definition Chi :: "('v \<times> 'v) set \<Rightarrow> 'v \<Rightarrow> 'v set" where
  "Chi E u = {v. (u, v) \<in> E}"

definition leafless :: "('v \<times> 'v) set \<Rightarrow> bool" where
  "leafless E \<longleftrightarrow> (\<forall>u. Chi E u \<noteq> {})"

definition ell2 :: "('v \<Rightarrow> complex) set" where
  "ell2 = {f. (\<lambda>v. (cmod (f v))\<^sup>2) summable_on UNIV}"

definition ell2_norm :: "('v \<Rightarrow> complex) \<Rightarrow> real" where
  "ell2_norm f = sqrt (\<Sum>\<^sub>\<infinity>v. (cmod (f v))\<^sup>2)"

definition ell2_inner :: "('v \<Rightarrow> complex) \<Rightarrow> ('v \<Rightarrow> complex) \<Rightarrow> complex" where
  "ell2_inner f g = (\<Sum>\<^sub>\<infinity>v. f v * cnj (g v))"

definition evec :: "'v \<Rightarrow> 'v \<Rightarrow> complex" where
  "evec u = (\<lambda>v. if v = u then 1 else 0)"

definition ell2_bounded :: "(('v \<Rightarrow> complex) \<Rightarrow> ('v \<Rightarrow> complex)) \<Rightarrow> bool" where
  "ell2_bounded T \<longleftrightarrow>
     (\<forall>f\<in>ell2. T f \<in> ell2) \<and>
     (\<forall>f\<in>ell2. \<forall>g\<in>ell2. \<forall>a b. T (\<lambda>v. a * f v + b * g v) = (\<lambda>v. a * T f v + b * T g v)) \<and>
     (\<exists>C. \<forall>f\<in>ell2. ell2_norm (T f) \<le> C * ell2_norm f)"

definition ell2_adj :: "(('v \<Rightarrow> complex) \<Rightarrow> ('v \<Rightarrow> complex)) \<Rightarrow> ('v \<Rightarrow> complex) \<Rightarrow> ('v \<Rightarrow> complex)" where
  "ell2_adj T g = (THE h. h \<in> ell2 \<and> (\<forall>f\<in>ell2. ell2_inner (T f) g = ell2_inner f h))"

definition ell2_ker :: "(('v \<Rightarrow> complex) \<Rightarrow> ('v \<Rightarrow> complex)) \<Rightarrow> ('v \<Rightarrow> complex) set" where
  "ell2_ker T = {g \<in> ell2. T g = (\<lambda>_. 0)}"

text \<open>Only the values of \<open>lam\<close> on \<open>V\<degree>\<close> matter.\<close>
definition wshift :: "('v \<times> 'v) set \<Rightarrow> ('v \<Rightarrow> complex) \<Rightarrow> ('v \<Rightarrow> complex) \<Rightarrow> ('v \<Rightarrow> complex)" where
  "wshift E lam f = (\<lambda>v. if v \<in> Vcirc E then lam v * f (par E v) else 0)"

definition Vplus :: "('v \<times> 'v) set \<Rightarrow> ('v \<Rightarrow> complex) \<Rightarrow> 'v set" where
  "Vplus E lam = {u. ell2_norm (wshift E lam (evec u)) > 0}"

end

theory Submission
  imports Defs
begin

text \<open>The adjoint of \<open>S\<close> sums over children, \<open>(S\<^sup>* g)(u) = \<Sum>\<^bsub>v \<in> Chi(u)\<^esub> cnj(\<lambda>\<^sub>v) g(v)\<close>,
  so \<open>S\<^sup>*S\<close> is the diagonal operator multiplying by \<open>\<parallel>S e\<^sub>u\<parallel>\<^sup>2\<close>. If \<open>\<parallel>S e\<^sub>v\<parallel>\<close> is constant
  on the children \<open>v\<close> of each vertex that carry a nonzero weight, this constant factors out
  of \<open>S\<^sup>*(S\<^sup>*S g)(u) = \<Sum>\<^bsub>v \<in> Chi(u)\<^esub> cnj(\<lambda>\<^sub>v) \<parallel>S e\<^sub>v\<parallel>\<^sup>2 g(v)\<close>, which therefore vanishes
  together with \<open>S\<^sup>* g\<close>. If two such siblings \<open>v\<^sub>1, v\<^sub>2\<close> have different norms, then
  \<open>e\<^bsub>v\<^sub>1\<^esub> / cnj(\<lambda>\<^bsub>v\<^sub>1\<^esub>) - e\<^bsub>v\<^sub>2\<^esub> / cnj(\<lambda>\<^bsub>v\<^sub>2\<^esub>)\<close> lies in \<open>ker S\<^sup>*\<close> but its image under \<open>S\<^sup>*S\<close>
  does not. Constancy on such siblings says exactly that \<open>\<parallel>S e\<^sub>u\<parallel>\<close> is a function of
  \<open>par(u)\<close> wherever \<open>\<lambda>\<^sub>u \<noteq> 0\<close>.\<close>

subsection \<open>Cauchy--Schwarz for unordered sums\<close>

lemma summable_on_mult_of_square_summable:
  fixes a b :: "'a \<Rightarrow> real"
  assumes "(\<lambda>x. (a x)\<^sup>2) summable_on A" and "(\<lambda>x. (b x)\<^sup>2) summable_on A"
  shows "(\<lambda>x. a x * b x) summable_on A"
proof -
  have "(\<lambda>x. ((a x)\<^sup>2 + (b x)\<^sup>2) / 2) summable_on A"
    using summable_on_cmult_left[OF summable_on_add[OF assms], of "1/2"] by simp
  hence "(\<lambda>x. norm (a x * b x)) summable_on A"
  proof (rule summable_on_comparison_test)
    show "norm (a x * b x) \<le> ((a x)\<^sup>2 + (b x)\<^sup>2) / 2" for x
      using sum_squares_bound[of "\<bar>a x\<bar>" "\<bar>b x\<bar>"] by (simp add: abs_mult)
  qed simp
  thus ?thesis
    by (rule abs_summable_summable)
qed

▶ What you have to do: Reproduce the records above exactly, from the first line to the line that holds "g = (\<lambda>_.", inclusive, and omit everything after it.

▶ Solution for this exercise:
definition Chi :: "('v \<times> 'v) set \<Rightarrow> 'v \<Rightarrow> 'v set" where
  "Chi E u = {v. (u, v) \<in> E}"

definition leafless :: "('v \<times> 'v) set \<Rightarrow> bool" where
  "leafless E \<longleftrightarrow> (\<forall>u. Chi E u \<noteq> {})"

definition ell2 :: "('v \<Rightarrow> complex) set" where
  "ell2 = {f. (\<lambda>v. (cmod (f v))\<^sup>2) summable_on UNIV}"

definition ell2_norm :: "('v \<Rightarrow> complex) \<Rightarrow> real" where
  "ell2_norm f = sqrt (\<Sum>\<^sub>\<infinity>v. (cmod (f v))\<^sup>2)"

definition ell2_inner :: "('v \<Rightarrow> complex) \<Rightarrow> ('v \<Rightarrow> complex) \<Rightarrow> complex" where
  "ell2_inner f g = (\<Sum>\<^sub>\<infinity>v. f v * cnj (g v))"

definition evec :: "'v \<Rightarrow> 'v \<Rightarrow> complex" where
  "evec u = (\<lambda>v. if v = u then 1 else 0)"

definition ell2_bounded :: "(('v \<Rightarrow> complex) \<Rightarrow> ('v \<Rightarrow> complex)) \<Rightarrow> bool" where
  "ell2_bounded T \<longleftrightarrow>
     (\<forall>f\<in>ell2. T f \<in> ell2) \<and>
     (\<forall>f\<in>ell2. \<forall>g\<in>ell2. \<forall>a b. T (\<lambda>v. a * f v + b * g v) = (\<lambda>v. a * T f v + b * T g v)) \<and>
     (\<exists>C. \<forall>f\<in>ell2. ell2_norm (T f) \<le> C * ell2_norm f)"

definition ell2_adj :: "(('v \<Rightarrow> complex) \<Rightarrow> ('v \<Rightarrow> complex)) \<Rightarrow> ('v \<Rightarrow> complex) \<Rightarrow> ('v \<Rightarrow> complex)" where
  "ell2_adj T g = (THE h. h \<in> ell2 \<and> (\<forall>f\<in>ell2. ell2_inner (T f) g = ell2_inner f h))"

definition ell2_ker :: "(('v \<Rightarrow> complex) \<Rightarrow> ('v \<Rightarrow> complex)) \<Rightarrow> ('v \<Rightarrow> complex) set" where
  "ell2_ker T = {g \<in> ell2. T g = (\<lambda>_. 0)}"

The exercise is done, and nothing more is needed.